▶ _Source material_
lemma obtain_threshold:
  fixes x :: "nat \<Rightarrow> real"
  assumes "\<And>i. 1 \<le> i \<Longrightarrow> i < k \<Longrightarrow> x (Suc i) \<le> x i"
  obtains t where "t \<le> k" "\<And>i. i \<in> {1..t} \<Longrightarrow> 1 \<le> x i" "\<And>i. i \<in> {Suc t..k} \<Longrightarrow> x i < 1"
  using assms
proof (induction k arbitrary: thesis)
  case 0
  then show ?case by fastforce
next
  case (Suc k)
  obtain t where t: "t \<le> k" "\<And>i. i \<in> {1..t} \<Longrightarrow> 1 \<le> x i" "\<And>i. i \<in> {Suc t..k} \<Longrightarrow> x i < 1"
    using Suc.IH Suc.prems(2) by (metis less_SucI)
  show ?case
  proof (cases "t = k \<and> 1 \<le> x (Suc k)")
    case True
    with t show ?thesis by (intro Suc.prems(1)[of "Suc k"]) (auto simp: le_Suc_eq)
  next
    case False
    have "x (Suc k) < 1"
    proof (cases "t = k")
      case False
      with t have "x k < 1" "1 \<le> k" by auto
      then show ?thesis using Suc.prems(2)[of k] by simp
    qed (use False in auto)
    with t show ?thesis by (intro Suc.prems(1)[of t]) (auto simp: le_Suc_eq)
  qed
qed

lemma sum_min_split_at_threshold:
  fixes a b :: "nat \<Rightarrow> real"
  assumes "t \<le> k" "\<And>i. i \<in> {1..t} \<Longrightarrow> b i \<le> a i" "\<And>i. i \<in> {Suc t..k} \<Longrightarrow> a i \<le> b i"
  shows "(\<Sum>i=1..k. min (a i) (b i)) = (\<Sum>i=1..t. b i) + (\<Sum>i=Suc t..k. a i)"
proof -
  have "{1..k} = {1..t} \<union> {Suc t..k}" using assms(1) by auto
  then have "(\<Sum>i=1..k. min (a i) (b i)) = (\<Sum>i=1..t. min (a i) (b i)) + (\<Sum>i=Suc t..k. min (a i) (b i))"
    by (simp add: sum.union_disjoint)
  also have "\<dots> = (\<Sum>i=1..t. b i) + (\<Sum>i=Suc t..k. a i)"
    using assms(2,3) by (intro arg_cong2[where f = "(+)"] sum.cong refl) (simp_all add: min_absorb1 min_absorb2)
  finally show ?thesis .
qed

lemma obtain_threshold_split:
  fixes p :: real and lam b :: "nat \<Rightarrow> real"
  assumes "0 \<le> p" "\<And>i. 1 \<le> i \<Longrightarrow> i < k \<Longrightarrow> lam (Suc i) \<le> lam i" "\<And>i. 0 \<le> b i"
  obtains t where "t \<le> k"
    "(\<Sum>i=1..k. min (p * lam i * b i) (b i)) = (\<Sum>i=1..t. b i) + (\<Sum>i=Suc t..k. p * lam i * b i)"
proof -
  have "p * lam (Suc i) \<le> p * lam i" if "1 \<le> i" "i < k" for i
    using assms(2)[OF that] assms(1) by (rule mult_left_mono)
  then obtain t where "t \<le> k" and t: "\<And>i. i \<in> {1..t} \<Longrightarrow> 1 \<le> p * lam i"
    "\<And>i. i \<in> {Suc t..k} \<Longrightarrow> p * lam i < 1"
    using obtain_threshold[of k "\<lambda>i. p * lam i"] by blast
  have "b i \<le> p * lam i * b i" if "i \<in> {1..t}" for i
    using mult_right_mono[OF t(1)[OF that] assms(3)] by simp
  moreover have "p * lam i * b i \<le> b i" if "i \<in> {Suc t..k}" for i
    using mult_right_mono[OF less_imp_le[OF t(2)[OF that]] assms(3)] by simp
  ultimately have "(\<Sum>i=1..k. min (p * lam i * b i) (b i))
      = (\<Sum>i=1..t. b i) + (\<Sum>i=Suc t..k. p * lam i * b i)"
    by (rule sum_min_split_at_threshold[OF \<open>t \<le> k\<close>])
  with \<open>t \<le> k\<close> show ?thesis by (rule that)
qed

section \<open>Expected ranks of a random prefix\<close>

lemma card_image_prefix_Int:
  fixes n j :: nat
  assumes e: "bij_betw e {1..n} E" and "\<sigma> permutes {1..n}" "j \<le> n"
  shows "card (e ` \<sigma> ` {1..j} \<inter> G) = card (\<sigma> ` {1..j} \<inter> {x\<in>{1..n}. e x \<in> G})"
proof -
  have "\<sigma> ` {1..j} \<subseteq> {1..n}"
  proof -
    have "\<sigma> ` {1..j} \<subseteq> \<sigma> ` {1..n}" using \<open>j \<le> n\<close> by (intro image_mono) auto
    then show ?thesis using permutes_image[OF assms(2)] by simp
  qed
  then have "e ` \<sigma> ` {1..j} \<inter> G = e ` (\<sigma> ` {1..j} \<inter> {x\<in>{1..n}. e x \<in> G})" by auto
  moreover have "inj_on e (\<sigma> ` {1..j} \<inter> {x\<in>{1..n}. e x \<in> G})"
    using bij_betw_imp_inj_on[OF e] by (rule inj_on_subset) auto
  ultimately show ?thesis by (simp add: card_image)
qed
--
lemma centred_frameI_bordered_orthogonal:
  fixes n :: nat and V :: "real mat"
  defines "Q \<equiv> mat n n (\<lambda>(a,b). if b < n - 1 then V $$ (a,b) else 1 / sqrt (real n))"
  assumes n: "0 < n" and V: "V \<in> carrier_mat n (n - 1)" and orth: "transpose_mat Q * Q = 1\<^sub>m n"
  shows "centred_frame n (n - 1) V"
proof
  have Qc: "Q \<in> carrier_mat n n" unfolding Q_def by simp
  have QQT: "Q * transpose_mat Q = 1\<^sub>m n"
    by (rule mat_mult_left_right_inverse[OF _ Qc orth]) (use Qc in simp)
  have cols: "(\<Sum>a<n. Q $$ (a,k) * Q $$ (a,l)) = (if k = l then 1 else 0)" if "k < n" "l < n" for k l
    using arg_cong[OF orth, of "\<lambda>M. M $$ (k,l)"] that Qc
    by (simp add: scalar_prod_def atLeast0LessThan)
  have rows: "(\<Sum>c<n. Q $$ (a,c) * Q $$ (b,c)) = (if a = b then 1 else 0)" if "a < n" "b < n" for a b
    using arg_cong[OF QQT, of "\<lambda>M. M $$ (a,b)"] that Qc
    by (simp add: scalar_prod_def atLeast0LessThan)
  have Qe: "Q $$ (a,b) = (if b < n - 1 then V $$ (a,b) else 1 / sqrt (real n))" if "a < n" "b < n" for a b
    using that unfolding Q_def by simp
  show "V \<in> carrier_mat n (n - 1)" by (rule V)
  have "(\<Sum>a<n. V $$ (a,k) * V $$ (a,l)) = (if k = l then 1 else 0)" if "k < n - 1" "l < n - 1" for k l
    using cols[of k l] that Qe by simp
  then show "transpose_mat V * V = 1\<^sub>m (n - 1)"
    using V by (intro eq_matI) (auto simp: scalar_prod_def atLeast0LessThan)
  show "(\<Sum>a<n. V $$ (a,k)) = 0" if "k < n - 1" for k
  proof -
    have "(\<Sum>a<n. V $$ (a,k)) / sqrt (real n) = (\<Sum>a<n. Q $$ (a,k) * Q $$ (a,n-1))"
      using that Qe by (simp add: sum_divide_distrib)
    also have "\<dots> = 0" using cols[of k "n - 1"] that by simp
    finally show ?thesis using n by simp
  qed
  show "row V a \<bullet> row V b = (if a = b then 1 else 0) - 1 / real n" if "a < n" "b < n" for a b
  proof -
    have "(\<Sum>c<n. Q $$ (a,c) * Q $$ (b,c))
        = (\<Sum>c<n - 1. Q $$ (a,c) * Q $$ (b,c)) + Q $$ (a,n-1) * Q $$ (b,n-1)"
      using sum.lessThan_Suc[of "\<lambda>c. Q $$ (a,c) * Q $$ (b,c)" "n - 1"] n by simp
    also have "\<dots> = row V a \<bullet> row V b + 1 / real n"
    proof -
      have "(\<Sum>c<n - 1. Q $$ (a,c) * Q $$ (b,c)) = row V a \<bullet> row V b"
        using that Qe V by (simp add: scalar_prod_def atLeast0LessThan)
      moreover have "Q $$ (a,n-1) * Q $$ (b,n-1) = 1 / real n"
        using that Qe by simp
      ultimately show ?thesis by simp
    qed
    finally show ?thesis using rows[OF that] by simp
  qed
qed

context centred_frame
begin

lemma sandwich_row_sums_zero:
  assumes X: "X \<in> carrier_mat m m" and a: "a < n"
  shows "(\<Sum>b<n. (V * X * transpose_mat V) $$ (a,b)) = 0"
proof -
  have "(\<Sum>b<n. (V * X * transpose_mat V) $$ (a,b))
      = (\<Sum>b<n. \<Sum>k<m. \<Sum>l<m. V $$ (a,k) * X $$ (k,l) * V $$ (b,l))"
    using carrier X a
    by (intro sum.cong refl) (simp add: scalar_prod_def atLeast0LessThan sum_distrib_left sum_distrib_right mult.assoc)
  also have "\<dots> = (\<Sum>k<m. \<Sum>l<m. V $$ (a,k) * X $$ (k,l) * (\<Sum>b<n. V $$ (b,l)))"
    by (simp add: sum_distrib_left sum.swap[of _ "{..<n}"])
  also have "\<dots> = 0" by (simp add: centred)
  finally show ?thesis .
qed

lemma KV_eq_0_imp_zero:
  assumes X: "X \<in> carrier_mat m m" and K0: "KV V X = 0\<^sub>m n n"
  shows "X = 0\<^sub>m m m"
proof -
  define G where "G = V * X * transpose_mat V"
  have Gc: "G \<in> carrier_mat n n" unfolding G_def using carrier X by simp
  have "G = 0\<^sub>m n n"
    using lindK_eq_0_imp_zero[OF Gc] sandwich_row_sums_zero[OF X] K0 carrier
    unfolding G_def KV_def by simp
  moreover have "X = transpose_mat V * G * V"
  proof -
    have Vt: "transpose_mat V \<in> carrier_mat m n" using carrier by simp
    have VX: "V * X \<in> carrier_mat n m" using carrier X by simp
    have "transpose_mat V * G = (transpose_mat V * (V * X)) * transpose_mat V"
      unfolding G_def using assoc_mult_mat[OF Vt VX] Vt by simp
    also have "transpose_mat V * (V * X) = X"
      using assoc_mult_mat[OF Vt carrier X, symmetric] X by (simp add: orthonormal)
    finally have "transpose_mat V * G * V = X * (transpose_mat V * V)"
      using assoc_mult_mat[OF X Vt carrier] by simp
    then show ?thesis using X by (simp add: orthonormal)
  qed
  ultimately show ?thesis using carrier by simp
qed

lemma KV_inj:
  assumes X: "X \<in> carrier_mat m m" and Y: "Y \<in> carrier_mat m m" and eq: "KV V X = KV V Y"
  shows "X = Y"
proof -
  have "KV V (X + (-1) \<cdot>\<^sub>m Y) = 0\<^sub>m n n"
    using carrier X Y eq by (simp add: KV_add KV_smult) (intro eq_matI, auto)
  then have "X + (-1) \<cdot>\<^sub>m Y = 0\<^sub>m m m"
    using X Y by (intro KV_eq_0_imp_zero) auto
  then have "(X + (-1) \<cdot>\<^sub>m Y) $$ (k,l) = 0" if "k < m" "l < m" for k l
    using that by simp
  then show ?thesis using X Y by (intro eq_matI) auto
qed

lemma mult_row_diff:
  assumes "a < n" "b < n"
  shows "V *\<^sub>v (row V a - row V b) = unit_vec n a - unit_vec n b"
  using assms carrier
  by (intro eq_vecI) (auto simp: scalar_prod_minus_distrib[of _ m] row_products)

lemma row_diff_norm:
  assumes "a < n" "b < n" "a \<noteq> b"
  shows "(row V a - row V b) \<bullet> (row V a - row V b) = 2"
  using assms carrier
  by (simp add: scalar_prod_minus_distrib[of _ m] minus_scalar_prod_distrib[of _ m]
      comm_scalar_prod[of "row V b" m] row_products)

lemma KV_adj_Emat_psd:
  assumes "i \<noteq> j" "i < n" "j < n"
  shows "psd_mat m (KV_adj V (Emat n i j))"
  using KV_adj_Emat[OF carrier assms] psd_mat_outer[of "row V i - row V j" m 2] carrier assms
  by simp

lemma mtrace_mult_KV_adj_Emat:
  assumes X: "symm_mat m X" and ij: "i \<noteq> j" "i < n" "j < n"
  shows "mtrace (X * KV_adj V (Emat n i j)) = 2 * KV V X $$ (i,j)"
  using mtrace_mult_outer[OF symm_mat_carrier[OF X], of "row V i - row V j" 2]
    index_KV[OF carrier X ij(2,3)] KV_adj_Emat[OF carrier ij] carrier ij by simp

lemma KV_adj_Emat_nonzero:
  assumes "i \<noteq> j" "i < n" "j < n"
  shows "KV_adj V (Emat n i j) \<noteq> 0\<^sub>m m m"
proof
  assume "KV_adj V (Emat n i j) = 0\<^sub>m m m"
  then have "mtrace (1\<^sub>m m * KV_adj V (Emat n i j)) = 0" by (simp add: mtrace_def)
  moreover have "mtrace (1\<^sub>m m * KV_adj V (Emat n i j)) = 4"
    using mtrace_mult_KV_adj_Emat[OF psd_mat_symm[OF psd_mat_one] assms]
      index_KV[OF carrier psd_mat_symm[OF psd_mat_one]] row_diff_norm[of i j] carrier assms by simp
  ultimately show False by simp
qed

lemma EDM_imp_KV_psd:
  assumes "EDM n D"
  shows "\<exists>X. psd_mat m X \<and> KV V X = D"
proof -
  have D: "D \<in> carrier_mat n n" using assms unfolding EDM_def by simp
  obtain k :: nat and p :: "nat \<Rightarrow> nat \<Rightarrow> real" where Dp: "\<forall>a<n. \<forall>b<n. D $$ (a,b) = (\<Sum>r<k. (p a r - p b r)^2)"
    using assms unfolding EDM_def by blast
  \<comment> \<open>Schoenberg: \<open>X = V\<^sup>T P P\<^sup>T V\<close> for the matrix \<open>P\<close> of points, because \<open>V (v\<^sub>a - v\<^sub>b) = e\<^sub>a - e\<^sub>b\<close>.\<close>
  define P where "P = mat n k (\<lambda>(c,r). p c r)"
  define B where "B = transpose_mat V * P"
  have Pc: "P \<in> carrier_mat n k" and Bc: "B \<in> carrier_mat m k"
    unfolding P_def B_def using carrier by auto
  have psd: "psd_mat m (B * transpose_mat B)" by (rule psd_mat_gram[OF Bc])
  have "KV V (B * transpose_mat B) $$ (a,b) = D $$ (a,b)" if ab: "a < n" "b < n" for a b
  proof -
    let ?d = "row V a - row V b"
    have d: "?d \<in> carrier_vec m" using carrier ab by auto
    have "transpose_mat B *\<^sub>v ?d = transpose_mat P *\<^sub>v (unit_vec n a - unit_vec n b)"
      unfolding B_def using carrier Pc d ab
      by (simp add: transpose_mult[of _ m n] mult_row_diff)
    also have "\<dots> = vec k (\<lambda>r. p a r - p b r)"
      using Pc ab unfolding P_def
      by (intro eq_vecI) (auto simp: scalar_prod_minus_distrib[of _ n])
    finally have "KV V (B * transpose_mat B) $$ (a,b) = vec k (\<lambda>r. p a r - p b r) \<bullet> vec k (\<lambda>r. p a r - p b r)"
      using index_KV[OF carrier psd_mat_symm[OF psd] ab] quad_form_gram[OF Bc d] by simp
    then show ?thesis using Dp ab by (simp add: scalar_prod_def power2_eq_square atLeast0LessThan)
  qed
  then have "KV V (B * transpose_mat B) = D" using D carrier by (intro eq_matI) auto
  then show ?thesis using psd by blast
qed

▶ _How to complete this task_
Which lines above hold the string "blast"? Please copy all of them.

▶ _The completed task_
    using obtain_threshold[of k "\<lambda>i. p * lam i"] by blast
    using assms unfolding EDM_def by blast
  then show ?thesis using psd by blast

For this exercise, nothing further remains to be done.